I'm no ios dev but my thinking was that it was done this way for flexibility. So one internal framework could be developed entirely separate from the other app code. And maybe one framework gets updated with a new dependency before the others.
Either way, this "analysis" seems pretty superficial. I can run a "du" of almost anything and it won't tell me much. And this author misleads intentionally by giving no explanation, but the implication is very clear from the post that Facebook is lazy and sloppy with disk usage.
The use of frameworks is a good practice, no one is arguing against that. The improper duplication of resources and code is the problem. Any development process that requires resource duplication in order to be flexible is broken at the core, and developing such systems are enables of bad practices.

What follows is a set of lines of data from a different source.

lemma alg_closed_poly_induct [consumes 1, case_names const linear]:
  assumes "alg_closed TYPE('k::field)"
    and const: "\<And>c. P [:c:]"
    and linear: "\<And>s q. P q \<Longrightarrow> P ([:-s, 1:] * q)"
  shows "P (p :: 'k poly)"
proof (induction "degree p" arbitrary: p)
  case 0
  then show ?case using const by (metis degree_eq_zeroE)
next
  case (Suc n)
  then obtain s where "poly p s = 0"
    using assms(1) unfolding alg_closed_def by (metis le_add1 plus_1_eq_Suc)
  then obtain q where p: "p = [:-s, 1:] * q"
    using poly_eq_0_iff_dvd by (blast elim: dvdE)
  with Suc.hyps(2) have "q \<noteq> 0" by auto
  then have "degree p = Suc (degree q)"
    unfolding p by (subst degree_mult_eq) auto
  then show ?case using Suc p linear by simp
qed

lemma diff_const_neq_0:
  fixes g :: "'a::comm_ring poly"
  assumes "degree g \<ge> 1"
  shows "g - [:c:] \<noteq> 0"
proof
  assume "g - [:c:] = 0"
  then have "g = [:c:]" by simp
  then show False using assms by simp
qed

lemma push_berkA1: "\<phi> \<in> berkA1 absv \<Longrightarrow> push g \<phi> \<in> berkA1 absv"
  unfolding berkA1_def push_def by (auto simp: pcompose_mult pcompose_add)

lemma push_linear: "push g \<phi> [:-c, 1:] = \<phi> (g - [:c:])"
  by (simp add: push_def pcompose_pCons diff_conv_add_uminus add.commute)

lemma push_push: "push g (push h \<phi>) = push (pcompose g h) \<phi>"
  unfolding push_def by (simp add: pcompose_assoc)

lemma fiter_0: "fiter f 0 = [:0, 1:]"
  unfolding fiter_def by simp

lemma fiter_Suc: "fiter f (Suc n) = pcompose f (fiter f n)"
  unfolding fiter_def by simp

lemma fiter_add: "fiter f (n + m) = pcompose (fiter f n) (fiter f m)"
  by (induction n) (simp_all add: fiter_0 fiter_Suc pcompose_pCons pcompose_assoc)

lemma push_fiter_add: "push (fiter f (n + m)) \<phi> = push (fiter f m) (push (fiter f n) \<phi>)"
  by (simp add: push_push fiter_add[symmetric] add.commute)

lemma degree_fiter: "degree (fiter f n) = degree f ^ n"
  by (induction n) (simp_all add: fiter_0 fiter_Suc degree_pcompose)

section \<open>Points of the Berkovich affine line\<close>

locale nonarch_absval =
  fixes absv :: "'k::field_char_0 \<Rightarrow> real"
  assumes nonarch: "nonarch_abs absv"
begin

lemma absv_nonneg: "absv x \<ge> 0"
  and absv_mult: "absv (x * y) = absv x * absv y"
  and absv_ultra: "absv (x + y) \<le> max (absv x) (absv y)"
  and absv_eq_0_iff [simp]: "absv x = 0 \<longleftrightarrow> x = 0"
  using nonarch unfolding nonarch_abs_def by auto

lemma absv_zero [simp]: "absv 0 = 0"
  by simp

It's funny, because there seems to be a lot of effort to get exactly the right version of asset in every circumstance. I'd wager showing an old version of the thumbs up really would get someone fired.

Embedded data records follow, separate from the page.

(* (a) If $\mathrm{GC}(l,0)$ is a Goldberg-Coxeter operation whose vertex $v_0$ has colour 2, then $l=3k$ for a positive integer $k$, and $\mathrm{GC}(3k,0)=\mathrm{GC}(k,k)\circ\mathrm{GC}(1,1)$. (b) For every positive integer $l$, $\mathrm{GC}(l,l)=\mathrm{GC}(l,0)\circ\mathrm{GC}(1,1)$.
   Context: Let $T_H$ be the regular hexagonal tiling of the plane and $B_{T_H}$ its barycentric subdivision (a vertex added in every face and on every edge, each face-vertex joined to the vertices and edge-vertices on its face boundary; original vertices coloured 0, edge-vertices 1, face-vertices 2; the triangles are chambers). Coordinates: $(0,0)$ is the centre of a face $f$, $(0,1)$ is a vertex of $f$ and $(1,0)$ is the vertex of $f$ preceding $(0,1)$ clockwise on its boundary; integer point $(x,y)$ is a face centre iff $x-y\equiv0\pmod3$ and a vertex otherwise. For $l\ge1$, $m\in\{0,l\}$, $\mathrm{GC}(l,m)$ is the coloured plane triangulated triangle cut out of $B_{T_H}$ with corners $v_0=(l,m)$, $v_1=(\frac{l-m}{2},\frac{l+2m}{2})$, $v_2=(0,0)$. Such an operation $O$ is applied to a map $P$ by gluing into every chamber of the barycentric subdivision $B_P$ a copy of $O$ or its mirror image (adjacent chambers receiving mirror images), identifying $v_i$ with the colour-$i$ vertex of the chamber and the boundary path between $v_i$ and $v_j$ with the chamber edge between the colour-$i$ and colour-$j$ vertices, yielding $B_{O(P)}$. The composite $O\circ O'$ is the operation $P\mapsto O(O'(P))$; as a coloured triangle it is obtained by gluing a copy of $O$ or its mirror image into every chamber of $O'$ in the same way. Equality of operations means equality of these coloured triangles with marked corners (up to isomorphism). *)

theory Defs
  imports Complex_Main
begin

text \<open>A coloured triangle: a set of chambers (triangles, given as vertex sets),
a colouring of the vertices by 0,1,2, and the three marked corners
corner 0 = v0, corner 1 = v1, corner 2 = v2.\<close>

record 'a ctri =
  chambers :: "'a set set"
  colour   :: "'a \<Rightarrow> nat"
  corner   :: "nat \<Rightarrow> 'a"

text \<open>An operation additionally records, for each vertex p, its carrier: the set of
corner indices k such that p has positive barycentric coordinate w.r.t. corner k.
So carrier v_i = {i}, a vertex in the interior of the boundary path between v_i and v_j
has carrier {i,j}, and an inner vertex has carrier {0,1,2}.  This is what is needed to
glue copies of the operation into chambers.\<close>

record 'a oper = "'a ctri" +
  carrier :: "'a \<Rightarrow> nat set"

definition verts :: "('a,'z) ctri_scheme \<Rightarrow> 'a set" where
  "verts T = \<Union>(chambers T)"

definition ctri_iso :: "('a,'x) ctri_scheme \<Rightarrow> ('b,'y) ctri_scheme \<Rightarrow> bool" where
  "ctri_iso A B \<longleftrightarrow> (\<exists>f. bij_betw f (verts A) (verts B)
      \<and> (\<lambda>C. f ` C) ` chambers A = chambers B
      \<and> (\<forall>x\<in>verts A. colour B (f x) = colour A x)
      \<and> (\<forall>k<3. f (corner A k) = corner B k))"

text \<open>Copy of O in chamber C of O': pairs (C,p).  Corner v_k of O is identified with the
colour-k vertex of C, the boundary path of O between v_i and v_j with the edge of C between
its colour-i and colour-j vertices.  Hence (C,p) and (C',q) are identified iff p = q and
C, C' have the same vertices of the colours in the carrier of p.\<close>

definition glue_rel :: "('p,'z) oper_scheme \<Rightarrow> ('q,'y) ctri_scheme
     \<Rightarrow> 'q set \<times> 'p \<Rightarrow> 'q set \<times> 'p \<Rightarrow> bool" where
  "glue_rel Op Q a b \<longleftrightarrow> snd a = snd b \<and>
     {x \<in> fst a. colour Q x \<in> carrier Op (snd a)} = {x \<in> fst b. colour Q x \<in> carrier Op (snd a)}"

definition glue_cls :: "('p,'z) oper_scheme \<Rightarrow> ('q,'y) ctri_scheme
     \<Rightarrow> 'q set \<Rightarrow> 'p \<Rightarrow> ('q set \<times> 'p) set" where
  "glue_cls Op Q C p = {(C',q). C' \<in> chambers Q \<and> q \<in> verts Op \<and> glue_rel Op Q (C,p) (C',q)}"

text \<open>The composite Op \<circ> Q (the operation P \<mapsto> Op(Q(P))).  Its vertices are the classes;
the colour of a vertex is the colour in Op; the corner k is the point where the corner
w_k of Q lies, i.e. the vertex v_c of a copy of Op in a chamber containing w_k,
with c the colour of w_k in Q.\<close>

definition gc_comp :: "('p,'z) oper_scheme \<Rightarrow> ('q,'y) ctri_scheme
     \<Rightarrow> ('q set \<times> 'p) set ctri" where
  "gc_comp Op Q =
     \<lparr> chambers = {glue_cls Op Q C ` T | C T. C \<in> chambers Q \<and> T \<in> chambers Op},
       colour = (\<lambda>x. colour Op (snd (SOME z. z \<in> x))),
       corner = (\<lambda>k. glue_cls Op Q (SOME C. C \<in> chambers Q \<and> corner Q k \<in> C)
                         (corner Op (colour Q (corner Q k)))) \<rparr>"

text \<open>Points are given in the (skew, 60 degree) coordinates of the paper as pairs of reals.  Edge vertices are midpoints
of two neighbouring hexagon vertices.\<close>

definition latt :: "real \<times> real \<Rightarrow> bool" where
  "latt p \<longleftrightarrow> fst p \<in> \<int> \<and> snd p \<in> \<int>"

definition face_ctr :: "real \<times> real \<Rightarrow> bool" where
  "face_ctr p \<longleftrightarrow> latt p \<and> (\<exists>k::int. fst p - snd p = 3 * of_int k)"

definition hex_vert :: "real \<times> real \<Rightarrow> bool" where
  "hex_vert p \<longleftrightarrow> latt p \<and> \<not> face_ctr p"

definition nbr :: "real \<times> real \<Rightarrow> real \<times> real \<Rightarrow> bool" where
  "nbr p q \<longleftrightarrow> latt p \<and> latt q \<and>
     (fst q - fst p, snd q - snd p) \<in> {(1,0),(0,1),(-1,1),(-1,0),(0,-1),(1,-1)}"

definition midpt :: "real \<times> real \<Rightarrow> real \<times> real \<Rightarrow> real \<times> real" where
  "midpt u w = ((fst u + fst w) / 2, (snd u + snd w) / 2)"

text \<open>Chambers of B(T_H): every lattice triangle {c,u,w} (c a face centre, uw a hexagon
edge) is split into the chambers {c,u,m} and {c,w,m}, m the midpoint of uw.\<close>
definition BH_chambers :: "(real \<times> real) set set" where
  "BH_chambers = {{c, u, midpt u w} | c u w.
      face_ctr c \<and> hex_vert u \<and> hex_vert w \<and> nbr c u \<and> nbr c w \<and> nbr u w}"

definition BH_colour :: "real \<times> real \<Rightarrow> nat" where
  "BH_colour p = (if face_ctr p then 2 else if hex_vert p then 0 else 1)"

definition comb :: "real \<Rightarrow> real \<Rightarrow> real \<Rightarrow> real \<times> real \<Rightarrow> real \<times> real \<Rightarrow> real \<times> real
                    \<Rightarrow> real \<times> real" where
  "comb \<alpha> \<beta> \<gamma> a b c = (\<alpha> * fst a + \<beta> * fst b + \<gamma> * fst c, \<alpha> * snd a + \<beta> * snd b + \<gamma> * snd c)"

definition bary :: "real \<times> real \<Rightarrow> real \<times> real \<Rightarrow> real \<times> real \<Rightarrow> real \<times> real \<Rightarrow> real list \<Rightarrow> bool" where
  "bary a b c p cs \<longleftrightarrow> (\<exists>\<alpha> \<beta> \<gamma>. cs = [\<alpha>, \<beta>, \<gamma>] \<and> \<alpha> \<ge> 0 \<and> \<beta> \<ge> 0 \<and> \<gamma> \<ge> 0 \<and>
      \<alpha> + \<beta> + \<gamma> = 1 \<and> p = comb \<alpha> \<beta> \<gamma> a b c)"

definition in_tri :: "real \<times> real \<Rightarrow> real \<times> real \<Rightarrow> real \<times> real \<Rightarrow> real \<times> real \<Rightarrow> bool" where
  "in_tri a b c p \<longleftrightarrow> (\<exists>cs. bary a b c p cs)"

definition GC_corner :: "nat \<Rightarrow> nat \<Rightarrow> nat \<Rightarrow> real \<times> real" where
  "GC_corner l m k =
     (if k = 0 then (real l, real m)
      else if k = 1 then ((real l - real m) / 2, (real l + 2 * real m) / 2)
      else (0, 0))"

definition GC :: "nat \<Rightarrow> nat \<Rightarrow> (real \<times> real) oper" where
  "GC l m =
     (let a = GC_corner l m 0; b = GC_corner l m 1; c = GC_corner l m 2 in
      \<lparr> chambers = {C \<in> BH_chambers. \<forall>p\<in>C. in_tri a b c p},
        colour = BH_colour,
        corner = GC_corner l m,
        carrier = (\<lambda>p. {k. k < 3 \<and> (\<exists>cs. bary a b c p cs \<and> cs ! k > 0)}) \<rparr>)"

end

(* GC(l,l) is cut by the lines x + y = l and y = l, and GC(3k,0) by the lines 2x + y = 3k and
   x + 2y = 3k, into three triangles. These lines are mirrors of B(T_H), so no chamber crosses
   them, and each triangle is the image of GC(l,0), resp. GC(k,k), under an automorphism of
   B(T_H). Two of the triangles share a side exactly when the corresponding chambers of GC(1,1)
   share the edge along which the gluing rule identifies their copies, so the three images
   assemble to the composite operation. Finally the corner v0 = (l,0) of GC(l,0) has colour 2
   only if it is a face centre, i.e. only if 3 divides l. *)

theory Submission
  imports Defs
begin

definition hex_dirs :: "(real \<times> real) set" where
  "hex_dirs = {(1,0), (0,1), (-1,1), (-1,0), (0,-1), (1,-1)}"

lemma nbr_iff_hex_dirs: "nbr p q \<longleftrightarrow> latt p \<and> latt q \<and> (fst q - fst p, snd q - snd p) \<in> hex_dirs"
  unfolding nbr_def hex_dirs_def ..

lemma latt_iff: "latt p \<longleftrightarrow> (\<exists>i j. p = (of_int i, of_int j))"
  unfolding latt_def by (cases p) (auto elim!: Ints_cases)

lemma face_ctr_of_int_iff: "face_ctr (of_int i, of_int j) \<longleftrightarrow> 3 dvd (i - j)"
proof -
  have "(\<exists>k. real_of_int i - of_int j = 3 * of_int k) \<longleftrightarrow> (\<exists>k. i - j = 3 * k)"
    by (metis of_int_diff of_int_eq_iff of_int_mult of_int_numeral)
  then show ?thesis by (simp add: face_ctr_def latt_def dvd_def)
qed

lemma face_ctr_iff: "face_ctr p \<longleftrightarrow> (\<exists>i j. p = (of_int i, of_int j) \<and> 3 dvd (i - j))"
  by (metis face_ctr_def face_ctr_of_int_iff latt_iff)

lemma of_int_pair_in_hex_dirs:
  "(of_int a, of_int b) \<in> hex_dirs \<longleftrightarrow> (a, b) \<in> {(1,0), (0,1), (-1,1), (-1,0), (0,-1), (1,-1)}"
proof -
  have "of_int x = (-1::real) \<longleftrightarrow> x = -1" for x
    by (metis of_int_eq_iff of_int_minus of_int_1)
  then show ?thesis unfolding hex_dirs_def by auto
qed

lemma nbr_of_intE:
  assumes "nbr p q"
  obtains i j i' j' :: int where "p = (of_int i, of_int j)" "q = (of_int i', of_int j')"
    and "(i' - i, j' - j) \<in> {(1,0), (0,1), (-1,1), (-1,0), (0,-1), (1,-1)}"
proof -
  obtain i j i' j' where p: "p = (of_int i, of_int j)" and q: "q = (of_int i', of_int j')"
    using assms unfolding nbr_def latt_iff by blast
  have "(of_int (i' - i), of_int (j' - j)) \<in> hex_dirs"
    using assms unfolding nbr_iff_hex_dirs p q by simp
  then show thesis
    using that p q unfolding of_int_pair_in_hex_dirs by blast
qed

lemma not_latt_midpt:
  assumes "nbr u w" shows "\<not> latt (midpt u w)"
proof
  obtain i j i' j' where u: "u = (of_int i, of_int j)" and w: "w = (of_int i', of_int j')"
    and dir: "(i' - i, j' - j) \<in> {(1,0), (0,1), (-1,1), (-1,0), (0,-1), (1,-1)}"
    using assms by (rule nbr_of_intE)
  assume "latt (midpt u w)"
  then obtain m n where "(of_int i + of_int i') / 2 = (of_int m :: real)" "(of_int j + of_int j') / 2 = (of_int n :: real)"
    unfolding latt_iff midpt_def u w by auto
  then have "i + i' = 2 * m" "j + j' = 2 * n"
    by (simp_all add: field_simps flip: of_int_add of_int_mult of_int_eq_iff)
  then show False
    using dir by auto presburger+
qed

lemma hex_dirs_uminus: "(x, y) \<in> hex_dirs \<Longrightarrow> (- x, - y) \<in> hex_dirs"
  unfolding hex_dirs_def by auto

section \<open>Automorphisms of the barycentric subdivision\<close>

definition BH_hom :: "(real \<times> real \<Rightarrow> real \<times> real) \<Rightarrow> bool" where
  "BH_hom f \<longleftrightarrow> (\<forall>p. latt p \<longrightarrow> latt (f p)) \<and> (\<forall>p. face_ctr p \<longrightarrow> face_ctr (f p))
     \<and> (\<forall>p q. nbr p q \<longrightarrow> nbr (f p) (f q)) \<and> (\<forall>u w. f (midpt u w) = midpt (f u) (f w))"

definition BH_aut :: "(real \<times> real \<Rightarrow> real \<times> real) \<Rightarrow> (real \<times> real \<Rightarrow> real \<times> real) \<Rightarrow> bool" where
  "BH_aut f g \<longleftrightarrow> BH_hom f \<and> BH_hom g \<and> (\<forall>p. g (f p) = p) \<and> (\<forall>p. f (g p) = p)"

lemma BH_aut_sym: "BH_aut f g \<Longrightarrow> BH_aut g f"
  unfolding BH_aut_def by blast

lemma BH_aut_image_image: "BH_aut f g \<Longrightarrow> f ` g ` D = D"
  unfolding BH_aut_def by (simp add: image_image del: split_paired_All)

lemma BH_aut_face_ctr_iff: "BH_aut f g \<Longrightarrow> face_ctr (f p) \<longleftrightarrow> face_ctr p"
  unfolding BH_aut_def BH_hom_def by metis

lemma BH_aut_latt_iff: "BH_aut f g \<Longrightarrow> latt (f p) \<longleftrightarrow> latt p"
  unfolding BH_aut_def BH_hom_def by metis

lemma BH_aut_colour: "BH_aut f g \<Longrightarrow> BH_colour (f p) = BH_colour p"
  by (simp add: BH_colour_def hex_vert_def BH_aut_face_ctr_iff BH_aut_latt_iff)

lemma hex_vert_if_nbr_face_ctr:
  assumes "face_ctr c" "nbr c u" shows "hex_vert u"
proof -
  obtain i j i' j' where c: "c = (of_int i, of_int j)" and u: "u = (of_int i', of_int j')"
    and dir: "(i' - i, j' - j) \<in> {(1,0), (0,1), (-1,1), (-1,0), (0,-1), (1,-1)}"
    using assms(2) by (rule nbr_of_intE)
  have "3 dvd (i - j)"
    using assms(1) unfolding c face_ctr_of_int_iff .
  then have "\<not> face_ctr u"
    using dir unfolding u face_ctr_of_int_iff by auto presburger+
  then show ?thesis
    using assms(2) unfolding hex_vert_def nbr_def by blast
qed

It's so much funnier though, that the solution is to just keep throwing in more and more copies of the images.
I feel kinda bad for the poor developer responsible for keeping all of those copies up to date. Very much 'i pass butter' kind of programming.
I wouldn't assume anyone is responsible for keeping them up to date.
This could just be the build tool looking at dependencies and including them multiple times in seperate frameworks. No different to how in big Java apps you often will see duplicate code amongst shaded JARs.
It's not code though. In this case a resourceBundle would solve the duplicate image problem in java.
Hashing resources is like an intern problem, technically at least. Facebook must have some crazy politics to incur the image dedupe problem.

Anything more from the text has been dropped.